Confissão de um fraco

por Menalton Braff publicado 26/03/2016 10h38
Atualmente existe um tipo de pessoas que me cansa em pouco tempo. Já fui bem mais tolerante, mas exemplares desse tipo vêm crescendo assustadoramente

Nunca me imaginei tão fraco como agora me descubro. É claro que existem muitos tipos de fraqueza e só me confesso fraco para alguns dos tipos. Se me ausculto, por exemplo, procurando fraquezas físicas, não encontro grande coisa. Claro que o desgaste natural da máquina vai-se tornando evidente.

Também não tenho mais dezenove anos. Um joelho perrengue, já farto de tanto trabalho e exigindo sua aposentadoria, uma vista da qual as principais virtudes debandaram, o ouvido que fica procurando lábios alheios com a insistência de quem gostaria de não perder o que se diz, e por aí vai. Nada que um bom geriatra não consiga lenir.

Não, não é na carcaça que encontro a fraqueza, mas em órgão que geralmente não se mostra em público, e que, às vezes, quando cheio, ameaça estourar. Enfim, ainda não se fabricam de aço.

Atualmente existe um tipo de pessoas que me cansa em muito pouco tempo. Já fui bem mais tolerante, na minha vida, no tempo em que era mais resistente. Além disso, os exemplares desse tipo vêm crescendo assustadoramente. Parecem cogumelo: basta uma chuvinha e aparecem por todo canto.

Outro dia, uma dessas pessoas do tipo que me cansa, veio fazer-me uma visita sem me avisar. Bem, isso não teria muita importância, não fosse o fato de que eu discutia o sexo dos anjos com o Adamastor, sexólogo dos bons, e ouvia algumas suítes para cello, de Bach, síntese genial da música barroca. Falávamos baixo, para que pudéssemos usufruir da música e porque o assunto não era a razão principal de nosso encontro.

O visitante inopinado sentou-se entre nós dois, não me lembro de que tenha pedido licença, olhou desconfiado para o aparelho de som e de forma até um pouco agressiva, lascou a pergunta:

─ Me diz uma coisa: por que é que o senhor só ouve música de igreja?

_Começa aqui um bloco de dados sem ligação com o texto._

(* Let $K\ge2$, $n\in\mathbb R$, $\sigma>0$, $\tau>0$, $\alpha_i>0$, $\beta_i>0$, $\gamma_i>0$ ($i=1,\dots,K$). Then $$I_n^\sigma(\boldsymbol\alpha,\boldsymbol\gamma)=\tau^{K-1}\Big(\prod_{l=1}^K\beta_l^{\alpha_l}\Big)\int_{S_K}\mathrm d^{K-1}x\,\frac{\big(\sum_{k=1}^K\beta_k^\sigma\gamma_k x_k^{\sigma\tau}\big)^n\prod_{i=1}^K x_i^{\tau\alpha_i-1}}{\big(\sum_{j=1}^K\beta_j x_j^\tau\big)^{\alpha_++\sigma n}}.$$ In particular, $$I_n^\sigma(\boldsymbol\alpha,\boldsymbol\gamma)=\frac{1}{\sigma^{K-1}\prod_{l=1}^K\gamma_l^{\alpha_l/\sigma}}\int_{S_K}\mathrm d^{K-1}x\,\frac{\prod_{i=1}^K x_i^{\alpha_i/\sigma-1}}{\big(\sum_{j=1}^K x_j^{1/\sigma}/\gamma_j^{1/\sigma}\big)^{\alpha_++\sigma n}}.$$
   Context: $S_K=\{\mathbf x\in\mathbb R^K:\sum_i x_i=1,\ x_i\ge0\}$; $\int_{S_K}\mathrm d^{K-1}x$ denotes the Lebesgue integral in $(x_1,\dots,x_{K-1})$ over $\{x_i\ge0,\sum_{i<K}x_i\le1\}$ with $x_K=1-\sum_{i<K}x_i$. For real $n$, $I_n^\sigma(\boldsymbol\alpha,\boldsymbol\gamma)=\int_{S_K}\mathrm d^{K-1}y\,\big(\sum_k\gamma_k y_k^\sigma\big)^n\prod_i y_i^{\alpha_i-1}$, and $\alpha_+=\sum_i\alpha_i$. *)

theory Defs
  imports "HOL-Analysis.Analysis"
begin

text \<open>Points of the simplex S_K are indexed by 0..K-1. The integral over S_K is the
Lebesgue integral over the first K-1 coordinates y_0..y_(K-2), ranging over
y_i >= 0, sum y_i <= 1, with the last coordinate y_(K-1) = 1 - sum of the others.\<close>

definition simplex_dom :: "nat \<Rightarrow> (nat \<Rightarrow> real) set" where
  "simplex_dom K = {y. (\<forall>i<K - 1. 0 \<le> y i) \<and> (\<Sum>i<K - 1. y i) \<le> 1}"

definition simplex_pt :: "nat \<Rightarrow> (nat \<Rightarrow> real) \<Rightarrow> (nat \<Rightarrow> real)" where
  "simplex_pt K y = (\<lambda>i. if i < K - 1 then y i else 1 - (\<Sum>j<K - 1. y j))"

definition simplex_integral :: "nat \<Rightarrow> ((nat \<Rightarrow> real) \<Rightarrow> real) \<Rightarrow> real" where
  "simplex_integral K f =
     (LINT y : simplex_dom K | PiM {..<K - 1} (\<lambda>_. lborel). f (simplex_pt K y))"

definition I_int :: "nat \<Rightarrow> real \<Rightarrow> real \<Rightarrow> (nat \<Rightarrow> real) \<Rightarrow> (nat \<Rightarrow> real) \<Rightarrow> real" where
  "I_int K \<sigma> n \<alpha> \<gamma> = simplex_integral K
     (\<lambda>y. (\<Sum>k<K. \<gamma> k * y k powr \<sigma>) powr n * (\<Prod>i<K. y i powr (\<alpha> i - 1)))"

end

(*
  A nonnegative h that is homogeneous of degree -K on the open orthant can be integrated
  against rho e^(-rho), for any positive rho homogeneous of degree p > 0: in the polar
  coordinates z = r y, with y in the simplex and dz = r^(K-1) dr dy, the radial integral
  of r^(p-1) rho(y) e^(-r^p rho(y)) equals 1/p, so the orthant integral of h rho e^(-rho)
  is (1/p) times the simplex integral of h.

  Extend the integrand f of I_n^sigma to the homogeneous h(z) = f(z) / (sum z)^(alpha_+ + sigma n),
  take rho(z) = sum (z_k / beta_k)^(1/tau), substitute z_k = beta_k x_k^tau coordinatewise
  and apply the same identity backwards with rho(x) = sum x_k: this turns the simplex
  integral of f into tau^(K-1) prod beta_l^alpha_l times the simplex integral of the
  transformed integrand. The second formula is the case tau = 1/sigma,
  beta_k = gamma_k^(-1/sigma).
*)
theory Submission
  imports Defs
begin

section \<open>One-dimensional substitutions\<close>

lemma nn_integral_indicator_UN_incseq:
  fixes f :: "'a \<Rightarrow> ennreal"
  assumes "incseq A" and [measurable]: "\<And>i. A i \<in> sets M" "f \<in> borel_measurable M"
  shows "(\<integral>\<^sup>+x. f x * indicator (\<Union>i. A i) x \<partial>M) = (SUP i. \<integral>\<^sup>+x. f x * indicator (A i) x \<partial>M)"
proof -
  have incseq_indicator: "incseq (\<lambda>i. f x * indicator (A i) x)" for x
    using \<open>incseq A\<close> by (auto simp: incseq_def split: split_indicator)
  have "indicator (\<Union>i. A i) x = (SUP i. indicator (A i) x :: ennreal)" for x
    using \<open>incseq A\<close> by (intro LIMSEQ_unique[OF LIMSEQ_indicator_incseq LIMSEQ_SUP])
      (auto simp: incseq_def split: split_indicator)
  then have "(\<integral>\<^sup>+x. f x * indicator (\<Union>i. A i) x \<partial>M) = (\<integral>\<^sup>+x. (SUP i. f x * indicator (A i) x) \<partial>M)"
    by (simp add: SUP_mult_left_ennreal)
  also have "\<dots> = (SUP i. \<integral>\<^sup>+x. f x * indicator (A i) x \<partial>M)"
    using incseq_indicator by (intro nn_integral_monotone_convergence_SUP) (auto simp: incseq_def le_fun_def)
  finally show ?thesis .
qed

lemma incseq_Icc_exhausting_Ioi: "incseq (\<lambda>n. {1 / real (Suc (Suc n)) .. real (Suc (Suc n))})"
  by (intro incseq_SucI) (auto simp: frac_le)

lemma UN_Icc_exhausting_Ioi: "(\<Union>n. {1 / real (Suc (Suc n)) .. real (Suc (Suc n))}) = {0<..}"
proof (intro equalityI subsetI)
  fix x :: real assume "x \<in> {0<..}"
  then obtain n where "1 / x < real n" "x < real n"
    using reals_Archimedean2[of "max x (1 / x)"] by auto
  with \<open>x \<in> {0<..}\<close> have "x \<in> {1 / real (Suc (Suc n)) .. real (Suc (Suc n))}"
    by (auto simp: field_simps)
  then show "x \<in> (\<Union>n. {1 / real (Suc (Suc n)) .. real (Suc (Suc n))})" by blast
qed (auto intro: less_le_trans[rotated])
(* Let $(X,\rho)$ be a complete separable metric space such that $\rho$ is an ultrametric, i.e. $\rho(x,z)\le\max\{\rho(x,y),\rho(y,z)\}$ for all $x,y,z\in X$. Let $0<p<\infty$ and let $\Phi\colon\mathcal{W}_p(X)\to\mathcal{W}_p(X)$ be an isometry (distance preserving bijection). Then there exists an isometry $\psi$ of $X$ such that $\Phi(\mu)=\psi_\#\mu$ for all $\mu\in\mathcal{W}_p(X)$.
   Context: For $0<p<\infty$, $\mathcal{W}_p(X)$ is the set of Borel probability measures $\mu$ on $X$ with $\int_X\rho(x,\hat x)^p\,d\mu(x)<\infty$ for some $\hat x\in X$, equipped with $d_{\mathcal{W}_p}(\mu,\nu)=\big(\inf_{\pi\in\Pi(\mu,\nu)}\int_{X\times X}\rho(x,y)^p\,d\pi(x,y)\big)^{\min\{1/p,1\}}$, where $\Pi(\mu,\nu)$ is the set of Borel probability measures on $X\times X$ with marginals $\mu,\nu$. The push-forward is $(g_\#\mu)(A)=\mu(g^{-1}[A])$. *)

theory Defs
  imports "HOL-Probability.Probability"
begin

definition ultrametric :: "('a::metric_space) itself \<Rightarrow> bool" where
  "ultrametric _ \<longleftrightarrow> (\<forall>x y z::'a. dist x z \<le> max (dist x y) (dist y z))"

definition wasserstein_space :: "real \<Rightarrow> ('a::metric_space) measure set" where
  "wasserstein_space p = {\<mu>. sets \<mu> = sets (borel :: 'a measure) \<and> prob_space \<mu> \<and>
      (\<exists>x0::'a. (\<integral>\<^sup>+ x. ennreal (dist x x0 powr p) \<partial>\<mu>) < \<infinity>)}"
definition above_t :: "'l::field \<Rightarrow> ('l \<Rightarrow> int) \<Rightarrow> bool" where
  "above_t t v \<longleftrightarrow> v t > 0"

definition integral_at :: "('l::field \<Rightarrow> int) \<Rightarrow> 'l \<Rightarrow> bool" where
  "integral_at v x \<longleftrightarrow> x = 0 \<or> v x \<ge> 0"

definition unit_at :: "('l::field \<Rightarrow> int) \<Rightarrow> 'l \<Rightarrow> bool" where
  "unit_at v x \<longleftrightarrow> x \<noteq> 0 \<and> v x = 0"

text \<open>Good reduction at v: phi is isomorphic (psi_t = c phi_t c^-1) to a psi with
integral coefficients and unit leading coefficient.\<close>
definition good_reduction :: "'l::field set \<Rightarrow> nat \<Rightarrow> nat \<Rightarrow> (nat \<Rightarrow> 'l) \<Rightarrow> ('l \<Rightarrow> int) \<Rightarrow> bool" where
  "good_reduction K q r phi v \<longleftrightarrow>
     (\<exists>c\<in>K. c \<noteq> 0 \<and>
        (\<forall>j\<in>{1..r}. integral_at v (c * phi j * (inverse c) ^ (q ^ j))) \<and>
        unit_at v (c * phi r * (inverse c) ^ (q ^ r)))"

definition D1 :: "'l::field set \<Rightarrow> 'l \<Rightarrow> nat \<Rightarrow> nat \<Rightarrow> (nat \<Rightarrow> 'l) \<Rightarrow> bool" where
  "D1 K t q r phi \<longleftrightarrow>
     (\<forall>v. finite_place K t v \<and> \<not> above_t t v \<longrightarrow> good_reduction K q r phi v)"

text \<open>Absolute Galois group, realised as Aut('l / K) ('l an algebraic closure of K).\<close>
definition galois_group :: "'l::field set \<Rightarrow> ('l \<Rightarrow> 'l) set" where
  "galois_group K = {\<sigma>. bij \<sigma> \<and> (\<forall>x y. \<sigma> (x + y) = \<sigma> x + \<sigma> y \<and> \<sigma> (x * y) = \<sigma> x * \<sigma> y)
                         \<and> (\<forall>x\<in>K. \<sigma> x = x)}"

definition torsion :: "nat \<Rightarrow> nat \<Rightarrow> (nat \<Rightarrow> 'l::field) \<Rightarrow> 'l set" where
  "torsion q r phi = {x. (\<Sum>j\<le>r. phi j * x ^ (q ^ j)) = 0}"

text \<open>Mod t Carlitz character: sigma acts on C[t] = {x. t x + x^q = 0} by a scalar in F_q.\<close>
definition carlitz_char :: "'l::field \<Rightarrow> nat \<Rightarrow> ('l \<Rightarrow> 'l) \<Rightarrow> 'l" where
  "carlitz_char t q \<sigma> =
     (THE w. w \<in> Fq q \<and> (\<forall>x. t * x + x ^ q = 0 \<longrightarrow> \<sigma> x = w * x))"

Comecei a tremer, estatuado, e julgo ter perdido as cores ou mudado para a cor do sangue. Senti que algo começava a estourar em mim, e cheguei a pensar em uma agressão física, no que provavelmente me desse mal. Mas tive sorte: o Adamastor, tamanhoso como é, tomou delicadamente o intruso pelo braço e o levou embora.

Na volta me contou que o visitante saiu dizendo que na minha casa nunca mais pisava. Ergui as mãos para o céu, mas o pior é que tem alguns que voltam, e voltam sempre.